In this pilot study, we evaluated our proposed algorithms, focusing on computational time and efficiency. Notably, the mvMDE function exhibited the highest computational time among all methods. However, by employing the second algorithm with only five selected sensors, we reduced the computational burden by approximately 15-fold compared to using all 32 channels. This reduction is particularly advantageous for high-density EEG recordings, making the use of multivariate entropy measures more practical for big data analysis in such settings. Furthermore, the measured MI demonstrated the shortest running time among all sensor selection methods, followed closely by PCA. Overall, combining mvMDE with the PCA-based sensor selection approach not only delivers the best classification and statistical outcomes for the aging dataset but also significantly enhances computational efficiency, making it a highly effective solution for large-scale EEG studies.
Our findings highlight the practicality of implementing the proposed approach in real-world clinical scenarios. By optimizing the computational method and utilizing conventional machine learning techniques, our method ensures easy integration into the existing clinical workflows without requiring significant computational resources. Selection of the most informative channels within each brain region further enhances efficiency, reducing computational demands while preserving analytical accuracy. Additionally, our study highlights the importance of both intra- and inter-regional approaches with multiscale analysis to identify key brain regions and frequency ranges relevant to sleep and aging-related disorders. Despite the clinical significance and applicability of this study, further validation is essential for successful clinical translation. Independent validation using diverse datasets will help assess the model’s generalizability and mitigate potential biases. Furthermore, cross-site testing across different clinical centers with varied protocols, equipment, and patient demographics will be necessary to confirm the method’s robustness and adaptability. Importantly, by employing an inter-regional approach with representative sensor selection, our method enhances the compatibility across different EEG systems, making it more accessible for use in a variety of clinical environments. These steps will be crucial for ensuring the reliability, safety, and widespread adoption of our approach in future clinical applications.
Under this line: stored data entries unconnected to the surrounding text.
text \<open>If some unitary conjugate of Y has a nonzero off-diagonal entry at (p,q), then
  t = 1/2, X1 = U U* = I and X2 = U diag(1,..,3,..,1) U* (3 at position q) violate
  operator convexity: the kernel K of the convexity defect vanishes at (p,p) but
  not at (p,q), so the defect has a zero diagonal entry next to a nonzero one.\<close>
lemma not_convex_of_offdiag:
  fixes U Y :: "complex^'n^'n" and r :: real
  assumes r: "r < 0 \<or> (0 < r \<and> r < 1)" and U: "unitary U" and pq: "p \<noteq> q"
    and Ypq: "(cadjoint U ** Y ** U) $ p $ q \<noteq> 0"
  shows "\<exists>X1 X2 (t::real). posdef X1 \<and> posdef X2 \<and> 0 \<le> t \<and> t \<le> 1 \<and>
    \<not> loewner_le
        (mat_rpow (t *\<^sub>R X1 + (1 - t) *\<^sub>R X2) r ** Y **
         mat_rpow (t *\<^sub>R X1 + (1 - t) *\<^sub>R X2) r)
        (t *\<^sub>R (mat_rpow X1 r ** Y ** mat_rpow X1 r) +
         (1 - t) *\<^sub>R (mat_rpow X2 r ** Y ** mat_rpow X2 r))"
proof -
  define d1 :: "'n \<Rightarrow> real" where "d1 = (\<lambda>i. 1)"
  define d2 :: "'n \<Rightarrow> real" where "d2 = (\<lambda>i. if i = q then 3 else 1)"
  define X1 where "X1 = U ** rdiag d1 ** cadjoint U"
  define X2 where "X2 = U ** rdiag d2 ** cadjoint U"
  define t :: real where "t = 1 / 2"
  define K where "K = (\<lambda>i j. t * d1 i powr r * d1 j powr r + (1 - t) * d2 i powr r * d2 j powr r
      - (t * d1 i + (1 - t) * d2 i) powr r * (t * d1 j + (1 - t) * d2 j) powr r)"
  define M where "M = (\<chi> i j. (cadjoint U ** Y ** U) $ i $ j * complex_of_real (K i j))"
  have d1: "\<forall>i. 0 < d1 i" and d2: "\<forall>i. 0 < d2 i" by (auto simp: d1_def d2_def)
  have t: "0 \<le> t" "t \<le> 1" by (auto simp: t_def)
  have defect: "t *\<^sub>R (mat_rpow X1 r ** Y ** mat_rpow X1 r) + (1 - t) *\<^sub>R (mat_rpow X2 r ** Y ** mat_rpow X2 r)
      - mat_rpow (t *\<^sub>R X1 + (1 - t) *\<^sub>R X2) r ** Y ** mat_rpow (t *\<^sub>R X1 + (1 - t) *\<^sub>R X2) r
    = U ** M ** cadjoint U"
    unfolding X1_def X2_def M_def K_def by (rule convexity_defect_schur[OF U d1 d2 t])
  have "K p p = 0" using pq by (simp add: K_def d1_def d2_def)
  hence Mpp: "M $ p $ p = 0" by (simp add: M_def)
  have "K p q = (1 powr r + 3 powr r) / 2 - ((1 + 3) / 2) powr r"
    using pq by (simp add: K_def d1_def d2_def t_def)
  moreover have "(1 powr r + 3 powr r) / 2 \<noteq> ((1 + 3) / 2) powr (r::real)"
    using r by (intro powr_midpoint_ne) auto
  ultimately have "K p q \<noteq> 0" by simp
  hence Mpq: "M $ p $ q \<noteq> 0" using Ypq by (simp add: M_def)
  have "\<not> psd M" using psd_zero_diag_row[OF _ pq Mpp] Mpq by blast
  hence "\<not> psd (U ** M ** cadjoint U)" using psd_unitary_conj_imp[OF U] by blast
  moreover have "posdef X1" "posdef X2"
    unfolding X1_def X2_def using posdef_unitary_diag[OF U] d1 d2 by auto
  ultimately show ?thesis
    using t unfolding loewner_le_def
    by (intro exI[of _ X1] exI[of _ X2] exI[of _ t]) (simp only: defect, simp)
qed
Despite the novelty of the proposed approaches and the intriguing results, this study has some limitations that should be acknowledged. First, the sample size in this study is relatively small, which may limit the robustness and generalizability of our findings. Additionally, our dataset lacks sufficient diversity in terms of demographic and ethnic representation. Future research should incorporate larger and more diverse datasets, including individuals from multiple nationalities, socioeconomic backgrounds, and age groups within each category. Expanding the sample sizes in this way would enhance the external validity of the study and reduce potential biases. Furthermore, future studies should include additional groups, particularly those related to neurodegenerative disorders such as AD and MCI, to facilitate a more comprehensive evaluation of aging and its associated conditions. Including participants with neurodegenerative disorders would provide valuable insights into the relationship between sleep quality, aging, and cognitive decline. Moreover, examining these populations could enhance our understanding of whether sleep-related biomarkers serve as early indicators of neurodegenerative conditions leading to preventative strategies and therapeutic interventions.